Charles Richard Crane (August 7, 1858 – February 15, 1939) was an American businessman and Arabist. His widespread business interests gave him entree into domestic and international political affairs where he enjoyed privileged access to many influential power brokers at the top levels of government. His special arena of interest was Eastern Europe and the Middle East.

==Biography and diplomatic activity==
Crane was the eldest son of plumbing parts mogul, Chicago manufacturer, Richard T. Crane. As a young man, Crane traveled extensively with his friend Charles B. Cory, a leading ornithologist whom Crane had met while visiting Boston. Crane and Cory shared an interest in baseball, and from 1888 to 1892, the pair funded and played on the Hyannis town team in what is now the Cape Cod Baseball League. At Cory and Crane's expense, various well-known professional and amateur players were brought in to play alongside the Hyannis locals. When Cory lost his family's fortune in 1906, Crane purchased Cory's vast collection of bird specimens and donated it to Chicago's Field Museum of Natural History with the stipulation that the museum would employ Cory as permanent curator of the collection.

In the 1900s, he brought Thomas Masaryk, Maksim Kovalevsky and Pavel Milyukov to lecture at the University of Chicago. After meeting Masaryk, he became interested in Slavic nationalism and sponsored The Slav Epic paintings by Alphonse Mucha When Mucha designed the Czechoslovak bills, he used a previous portrait of Josephine Crane Bradley as Slavia for the 100 koruna bill.

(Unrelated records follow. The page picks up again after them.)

private lemma glue_lab_down_closed:
  assumes coh: "coherent Fam" and z: "down_closed (glue R e R' f) z"
  shows "lab (glue R e R' f) ` z \<in> Fam"
proof -
  note RR = realisationD[OF R]
  let ?G = "glue R e R' f"
  define z1 where "z1 = {x. Inl x \<in> z}"
  define z2 where "z2 = {u. Inr u \<in> z}"
  have z2c: "z2 \<subseteq> carrier R" using z unfolding down_closed_def z2_def by auto
  have labz: "lab ?G ` z = lab R' ` z1 \<union> lab R ` z2"
    unfolding z1_def z2_def by (rule lab_glue_image)
  have z1: "down_closed R' z1"
    using z unfolding down_closed_def z1_def by auto
  have Y1: "lab R' ` z1 \<in> Fam" by (rule realisationD(6)[OF R'_realisation z1])
  define zz where "zz = below R e \<union> down_closure R z2"
  have "down_closed R zz"
    using down_closed_below[OF R e] down_closed_down_closure[OF R z2c]
    unfolding zz_def down_closed_def by blast
  then have W: "lab R ` zz \<in> Fam" by (rule RR(6))
  have "lab R' ` z1 \<subseteq> lab R ` zz"
  proof
    fix a assume "a \<in> lab R' ` z1"
    then obtain x where x: "x \<in> z1" "a = lab R' x" by blast
    then have "x \<in> carrier R'" using z1 unfolding down_closed_def by auto
    then obtain w where w: "w \<in> below R e" "f w = Some x" using rmapD(5)[OF f] by auto
    then show "a \<in> lab R ` zz" using x f_lab[OF w(2)] by (auto simp: zz_def intro: rev_image_eqI)
  qed
  moreover have "lab R ` z2 \<subseteq> lab R ` zz"
    using subset_down_closure[OF R z2c] unfolding zz_def by blast
  ultimately have sub: "lab ?G ` z \<subseteq> lab R ` zz" unfolding labz by blast
  have "\<exists>Y\<in>Fam. a \<in> Y \<and> Y \<subseteq> lab ?G ` z" if a: "a \<in> lab ?G ` z" for a
  proof -
    consider x where "x \<in> z1" "a = lab R' x" | v where "v \<in> z2" "a = lab R v"
      using a labz by blast
    then show ?thesis
    proof cases
      case 1
      then have "a \<in> lab R' ` z1" "lab R' ` z1 \<subseteq> lab ?G ` z" using labz by auto
      then show ?thesis by (intro bexI[OF _ Y1] conjI)
    next
      case 2
      have vc: "v \<in> carrier R" using 2 z2c by auto
      have "lab R ` below R v \<subseteq> lab ?G ` z"
        using lab_below_subset_glue[OF z] 2 unfolding z2_def by simp
      moreover have "a \<in> lab R ` below R v" using 2 vc RR(1) by auto
      ultimately show ?thesis by (intro bexI[OF _ RR(6)[OF down_closed_below[OF R vc]]] conjI)
    qed
  qed
  then show ?thesis by (rule coherent_subset_memberI[OF coh W sub])
qed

President William Howard Taft appointed Crane minister to China on July 16, 1909, but on the eve of his departure to his post on October 4, 1909, he was recalled to Washington and forced to resign under pressure by US Secretary of State Philander C. Knox, who held him responsible for the publication in a Chicago newspaper of the US government's objections to two recent treaties between Japan and China.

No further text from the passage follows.